In a Treasury Committee meeting last month, when asked whether there was anything the Bank could have done to have shaped monetary policy differently over the last year, Bailey responded saying, ‘I don’t think we could’.
Defending Threadneedle Street before an announcement of the sharpest annual increase in interest rates for four decades, Bailey told the Committee that while he was unhappy about the level of price rises, 80% of the inflation target overshoot was caused by factors outside the Bank’s control.
The war in Ukraine, Brexit, and the Covid-19 pandemic, in particular China’s zero-Covid policy, were the three main issues highlighted by the Bank as being the cause of the spiralling rise in inflation rates with the Ukraine war being described as the ‘big one’ due to the cutting off of energy supplies from Russia.
Bailey raised his concerns about food prices stating, ‘What I’m going to sound, I guess, rather apocalyptic about is food’ adding that Ukraine’s inability to export its crops was a ‘major worry for this country’ with Ukraine being one of the biggest producers of grains including wheat, and sunflower oil.
Bailey said: ‘A sequence of shocks like this, which have come really one after another with no gaps between them, is almost unprecedented. I do see comments based on hindsight, but we have to take [monetary policy] decisions based on the facts and evidence at the time.’
The panel did clarify that monetary policy ‘can have an effect’ but there is ‘nothing policy can do about external factors’, adding that ‘interest rates can help to ensure inflation does not become embedded once these initial shocks fade’.
Bailey said: ‘It is a very, very difficult place to be. To forecast 10% inflation and to say there is not a lot we can do about it is an extremely difficult place to be. This is a bad situation to be in.’
Sir Dave Ramsden, deputy governor of the Bank of England added that Brexit was not the only thing fuelling inflation as the EU, UK and the US are all experiencing similar levels, stating that ‘it was hard to disentangle the effect of global supply constraints and Brexit on inflation’.
However, Bailey added that the Bank had not changed its view that Brexit ‘would have a negative effect on trade’ and that ‘it would take a long time for the economy to adjust that, although it eventually would’.
Member of the Bank of England’s Monetary Policy Committee (MPC) Michael Saunders added that Brexit has become ‘less of a source of uncertainty’ since the Covid-19 pandemic which is why the Bank focused more on Covid-19 recently.

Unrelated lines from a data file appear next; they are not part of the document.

lemma ideal_pow_zero_closed: "ideal I R \<Longrightarrow> \<zero> \<in> ideal_pow R I n"
  using ideal_pow_is_ideal by (simp add: additive_subgroup.zero_closed ideal.axioms(1))

lemma ideal_pow_one: "ideal I R \<Longrightarrow> ideal_pow R I 1 = I"
  by (simp add: ideal_prod_one)

lemma ideal_pow_Suc': "ideal I R \<Longrightarrow> ideal_pow R I (Suc n) = ideal_pow R I n \<cdot> I"
  by (simp add: ideal_prod_commute ideal_pow_is_ideal)

lemma ideal_pow_add:
  assumes "ideal I R"
  shows "ideal_pow R I a \<cdot> ideal_pow R I b = ideal_pow R I (a + b)"
proof (induction a)
  case 0
  show ?case
    using ideal_prod_one ideal_prod_commute[OF oneideal] ideal_pow_is_ideal[OF assms] by simp
next
  case (Suc a)
  then show ?case
    using ideal_prod_assoc[OF assms ideal_pow_is_ideal[OF assms] ideal_pow_is_ideal[OF assms]] by simp
qed

lemma ideal_pow_mult_mem:
  assumes "ideal I R" "x \<in> ideal_pow R I a" "y \<in> ideal_pow R I b"
  shows "x \<otimes> y \<in> ideal_pow R I (a + b)"
  using ideal_prod.prod[OF assms(2,3), of R] ideal_pow_add[OF assms(1)] by simp

lemma ideal_pow_mult_prod_mem:
  assumes "ideal I R" "ideal K R" "x \<in> ideal_pow R I a" "y \<in> ideal_pow R I b \<cdot> K"
  shows "x \<otimes> y \<in> ideal_pow R I (a + b) \<cdot> K"
proof -
  have "x \<otimes> y \<in> ideal_pow R I a \<cdot> (ideal_pow R I b \<cdot> K)"
    using assms(3,4) by (rule ideal_prod.prod)
  then show ?thesis
    using ideal_prod_assoc[OF ideal_pow_is_ideal[OF assms(1)] ideal_pow_is_ideal[OF assms(1)] assms(2)]
    by (simp add: ideal_pow_add[OF assms(1)])
qed

lemma ideal_pow_mult_sum_mem:
  assumes "ideal I R" "ideal J R" "ideal K R"
    and "x \<in> ideal_pow R I a" "y \<in> J <+>\<^bsub>R\<^esub> ideal_pow R I b \<cdot> K"
  shows "x \<otimes> y \<in> J <+>\<^bsub>R\<^esub> ideal_pow R I (a + b) \<cdot> K"
proof -
  obtain j k where jk: "j \<in> J" "k \<in> ideal_pow R I b \<cdot> K" "y = j \<oplus> k"
    using assms(5) by (auto simp: mem_set_add_iff)
  have carr: "x \<in> carrier R" "j \<in> carrier R" "k \<in> carrier R"
    using ideal.Icarr[OF ideal_pow_is_ideal[OF assms(1)] assms(4)] ideal.Icarr[OF assms(2) jk(1)]
      ideal.Icarr[OF ideal_prod_is_ideal[OF ideal_pow_is_ideal[OF assms(1)] assms(3)] jk(2)]
    by auto
  have "x \<otimes> j \<in> J"
    using ideal.I_l_closed[OF assms(2) jk(1) carr(1)] .
  moreover have "x \<otimes> k \<in> ideal_pow R I (a + b) \<cdot> K"
    using ideal_pow_mult_prod_mem[OF assms(1,3,4) jk(2)] .
  ultimately show ?thesis
    using carr jk(3) by (auto simp: mem_set_add_iff r_distr)
qed

lemma ideal_prod_subsetI:
  assumes "ideal C R" "\<And>a b. a \<in> A \<Longrightarrow> b \<in> B \<Longrightarrow> a \<otimes> b \<in> C"
  shows "A \<cdot> B \<subseteq> C"
proof
  show "x \<in> C" if "x \<in> A \<cdot> B" for x
    using that
    by (induction x rule: ideal_prod.induct)
       (auto simp: assms additive_subgroup.a_closed ideal.axioms(1))
qed

lemma ideal_colon_is_ideal:
  assumes "ideal Y R" "X \<subseteq> carrier R"
  shows "ideal (ideal_colon R Y X) R"
  unfolding ideal_colon_def
proof (rule cring_idealI)
  show "\<zero> \<in> {r \<in> carrier R. \<forall>b\<in>X. r \<otimes> b \<in> Y}"
    using assms by (auto simp: additive_subgroup.zero_closed ideal.axioms(1))
  show "x \<oplus> y \<in> {r \<in> carrier R. \<forall>b\<in>X. r \<otimes> b \<in> Y}"
    if "x \<in> {r \<in> carrier R. \<forall>b\<in>X. r \<otimes> b \<in> Y}" "y \<in> {r \<in> carrier R. \<forall>b\<in>X. r \<otimes> b \<in> Y}" for x y
    using that assms by (auto simp: l_distr additive_subgroup.a_closed ideal.axioms(1) subset_iff)
  show "r \<otimes> x \<in> {r \<in> carrier R. \<forall>b\<in>X. r \<otimes> b \<in> Y}"
    if "r \<in> carrier R" "x \<in> {r \<in> carrier R. \<forall>b\<in>X. r \<otimes> b \<in> Y}" for r x
    using that assms by (auto simp: m_assoc ideal.I_l_closed subset_iff)
qed auto

lemma mem_ideal_colon_genideal:
  assumes "ideal Y R" "G \<subseteq> carrier R" "x \<in> carrier R" "\<And>g. g \<in> G \<Longrightarrow> x \<otimes> g \<in> Y"
  shows "x \<in> ideal_colon R Y (Idl G)"
proof -
  have "G \<subseteq> ideal_colon R Y {x}"
    using assms by (auto simp: ideal_colon_def m_comm subset_iff)
  then have "Idl G \<subseteq> ideal_colon R Y {x}"
    using assms(1,3) by (intro genideal_minimal ideal_colon_is_ideal) auto
  then show ?thesis
    using assms(3) by (auto simp: ideal_colon_def m_comm genideal_ideal[OF assms(2), THEN ideal.Icarr])
qed

lemma ideal_colon_sum_pow_mult:
  assumes "ideal I R" "ideal J R" "ideal K R"
    and r: "r \<in> ideal_colon R (J <+>\<^bsub>R\<^esub> ideal_pow R I q \<cdot> K) I"
    and x: "x \<in> ideal_pow R I (Suc e)"
  shows "x \<otimes> r \<in> J <+>\<^bsub>R\<^esub> ideal_pow R I (q + e) \<cdot> K"
proof -
  have rc: "r \<in> carrier R"
    using r by (simp add: ideal_colon_def)
  have "ideal_pow R I e \<cdot> I \<subseteq> ideal_colon R (J <+>\<^bsub>R\<^esub> ideal_pow R I (q + e) \<cdot> K) {r}"
  proof (rule ideal_prod_subsetI)
    show "ideal (ideal_colon R (J <+>\<^bsub>R\<^esub> ideal_pow R I (q + e) \<cdot> K) {r}) R"
      using rc assms(1-3)
      by (simp add: ideal_colon_is_ideal add_ideals ideal_prod_is_ideal ideal_pow_is_ideal)
    fix p i assume p: "p \<in> ideal_pow R I e" and i: "i \<in> I"
    have carr: "p \<in> carrier R" "i \<in> carrier R"
      using ideal.Icarr[OF ideal_pow_is_ideal[OF assms(1)] p] ideal.Icarr[OF assms(1) i] by auto
    have "r \<otimes> i \<in> J <+>\<^bsub>R\<^esub> ideal_pow R I q \<cdot> K"
      using r i by (simp add: ideal_colon_def)
    then have "p \<otimes> (r \<otimes> i) \<in> J <+>\<^bsub>R\<^esub> ideal_pow R I (e + q) \<cdot> K"
      by (rule ideal_pow_mult_sum_mem[OF assms(1-3) p])
    moreover have "(p \<otimes> i) \<otimes> r = p \<otimes> (r \<otimes> i)"
      using m_assoc[OF carr rc] m_comm[OF carr(2) rc] by simp
    ultimately show "p \<otimes> i \<in> ideal_colon R (J <+>\<^bsub>R\<^esub> ideal_pow R I (q + e) \<cdot> K) {r}"
      using carr by (simp add: ideal_colon_def add.commute)
  qed
  moreover have "x \<in> ideal_pow R I e \<cdot> I"
    using x ideal_pow_Suc'[OF assms(1)] by simp
  ultimately show ?thesis
    by (auto simp: ideal_colon_def)
qed

lemma ideal_colon_sum_pow_superset:
  assumes "ideal I R" "ideal J R" "ideal K R"
  shows "ideal_colon R J I <+>\<^bsub>R\<^esub> ideal_pow R I m \<cdot> K
           \<subseteq> ideal_colon R (J <+>\<^bsub>R\<^esub> ideal_pow R I (Suc m) \<cdot> K) I"
proof
  fix x assume "x \<in> ideal_colon R J I <+>\<^bsub>R\<^esub> ideal_pow R I m \<cdot> K"
  then obtain y z where y: "y \<in> ideal_colon R J I" and z: "z \<in> ideal_pow R I m \<cdot> K"
    and x: "x = y \<oplus> z"
    by (auto simp: mem_set_add_iff)
  have carr: "y \<in> carrier R" "z \<in> carrier R"
    using y ideal_prod_in_carrier[OF ideal_pow_is_ideal[OF assms(1)] assms(3)] z
    unfolding ideal_colon_def by blast+
  have "x \<otimes> b \<in> J <+>\<^bsub>R\<^esub> ideal_pow R I (Suc m) \<cdot> K" if b: "b \<in> I" for b
  proof -
    have bc: "b \<in> carrier R"
      using ideal.Icarr[OF assms(1) b] .
    have "b \<in> ideal_pow R I 1"
      using b ideal_pow_one[OF assms(1)] by simp
    then have "b \<otimes> z \<in> ideal_pow R I (1 + m) \<cdot> K"
      by (rule ideal_pow_mult_prod_mem[OF assms(1,3) _ z])
    moreover have "y \<otimes> b \<in> J"
      using y b unfolding ideal_colon_def by blast
    moreover have "x \<otimes> b = y \<otimes> b \<oplus> b \<otimes> z"
      using carr bc x by (simp add: l_distr m_comm[of z b])
    ultimately show ?thesis
      unfolding mem_set_add_iff by auto
  qed
  then show "x \<in> ideal_colon R (J <+>\<^bsub>R\<^esub> ideal_pow R I (Suc m) \<cdot> K) I"
    using carr x unfolding ideal_colon_def by simp
qed

end

subsection \<open>Ideals of subrings\<close>

lemma (in cring) ideal_of_subringI:
  assumes "subring B R" "A \<subseteq> B" "\<zero> \<in> A" "\<And>x y. x \<in> A \<Longrightarrow> y \<in> A \<Longrightarrow> x \<oplus> y \<in> A"
    and "\<And>r x. r \<in> B \<Longrightarrow> x \<in> A \<Longrightarrow> r \<otimes> x \<in> A"
  shows "ideal A (R\<lparr>carrier := B\<rparr>)"
proof -
  interpret S: cring "R\<lparr>carrier := B\<rparr>"
    using subcring_iff[OF subringE(1)[OF assms(1)]] subcringI'[OF assms(1)] by simp
  show ?thesis
    by (rule S.cring_idealI) (use assms in auto)
qed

Bailey also acknowledged that the Monetary Policy Committee had changed its view about the UK labour market stating that it now believes it is ‘very tight’ which is something that it could not predict until after the government’s Covid-19 furlough scheme ended.

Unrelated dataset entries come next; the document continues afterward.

(* Let $q\in\mathbb{N}$, $q\ge1$, and let $F=(n_F)_{n\ge0}$ be defined by $0_F=0$, $1_F=1$, $2_F=q$, and $(j+2)_F=q\,(j+1)_F+j_F$ for $j\ge0$ (e.g. $q=2$ gives $1,2,5,12,29,70,\dots$ and $q=3$ gives $1,3,10,33,109,\dots$ from $n=1$). Then for all integers $0\le k<n$, the layer $\langle\Phi_{k+1}\to\Phi_n\rangle$ of the cobweb poset of $F$ (with $m=n-k$ levels) admits a tiling by blocks of type $\sigma P_m$.
   Context: Notation: $n_F\equiv F_n$. The cobweb poset of $F$ has, for each $s\ge1$, a level $\Phi_s$ consisting of $s_F$ distinct vertices (levels pairwise disjoint), plus a root level $\Phi_0$ with one vertex; for $x\in\Phi_i$, $y\in\Phi_j$ one has $x<y$ iff $i<j$. For $1\le a\le b$, the layer $\langle\Phi_a\to\Phi_b\rangle$ is the subposet on $\Phi_a\cup\dots\cup\Phi_b$; it has $m=b-a+1$ levels and its maximal chains form the set $\Phi_a\times\dots\times\Phi_b$. For a permutation $\sigma$ of $\{1,\dots,m\}$, a block of type $\sigma P_m$ in this layer is the subposet induced on $V_a\cup\dots\cup V_b$ where $V_{a-1+i}\subseteq\Phi_{a-1+i}$ and $|V_{a-1+i}|=\sigma(i)_F$ for $i=1,\dots,m$; its maximal chains form the set $V_a\times\dots\times V_b$. A tiling of the layer is a finite family of such blocks ($\sigma$ may vary from block to block) whose sets $V_a\times\dots\times V_b$ partition $\Phi_a\times\dots\times\Phi_b$ (pairwise max-disjoint and covering all maximal chains). *)

theory Defs
  imports "HOL-Combinatorics.Permutations" "HOL-Library.FuncSet"
begin

fun Fq :: "nat \<Rightarrow> nat \<Rightarrow> nat" where
  "Fq q 0 = 0"
| "Fq q (Suc 0) = 1"
| "Fq q (Suc (Suc j)) = q * Fq q (Suc j) + Fq q j"

text \<open>Level Phi_s of the cobweb poset of F (s >= 1): s_F vertices, modelled as
  the indices 0..s_F-1 (levels are disjoint since a vertex is tagged by its level).\<close>
definition cobweb_level :: "(nat \<Rightarrow> nat) \<Rightarrow> nat \<Rightarrow> nat set" where
  "cobweb_level F s = {..<F s}"

definition layer_max_chains :: "(nat \<Rightarrow> nat) \<Rightarrow> nat \<Rightarrow> nat \<Rightarrow> (nat \<Rightarrow> nat) set" where
  "layer_max_chains F a b = (\<Pi>\<^sub>E s\<in>{a..b}. cobweb_level F s)"

definition is_block :: "(nat \<Rightarrow> nat) \<Rightarrow> nat \<Rightarrow> nat \<Rightarrow> (nat \<Rightarrow> nat set) \<Rightarrow> bool" where
  "is_block F a b V \<longleftrightarrow>
     (\<exists>\<sigma>. \<sigma> permutes {1..b - a + 1} \<and>
        (\<forall>i\<in>{1..b - a + 1}. V (a - 1 + i) \<subseteq> cobweb_level F (a - 1 + i) \<and>
                              card (V (a - 1 + i)) = F (\<sigma> i)))"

When asked whether rates should have been put up last year at times of labour shortages after the furlough scheme ended, Bailey added that it ‘had been a key question at the time’, however it was ‘unclear what the impact of the end of the furlough scheme would have been’ and ‘whether the people who used it would have been reabsorbed in the jobs market’.
Saunders then added that ‘even if the Bank had raised rates more aggressively last year, it's unlikely that would have brought inflation back down to the target of 2%’.
Bailey’s appearance at the Treasury Committee has come following the aftermath of growing criticism of the Bank’s performance.
However, Bailey stated that no government minister had approached him over monetary policy or the Bank’s independence amidst all the briefings and media coverage over recent weeks.
Bailey stated that ‘the most important thing we can do is to get inflation back to target without unnecessary disruption to the economy’ and implied that the Bank would not shy away from generating a recession to do that if it was necessary.
Bailey added: ‘This is the biggest test of the monetary policy framework in 25 years. There is no question about that, we have to get [inflation] back to target and that is clear.’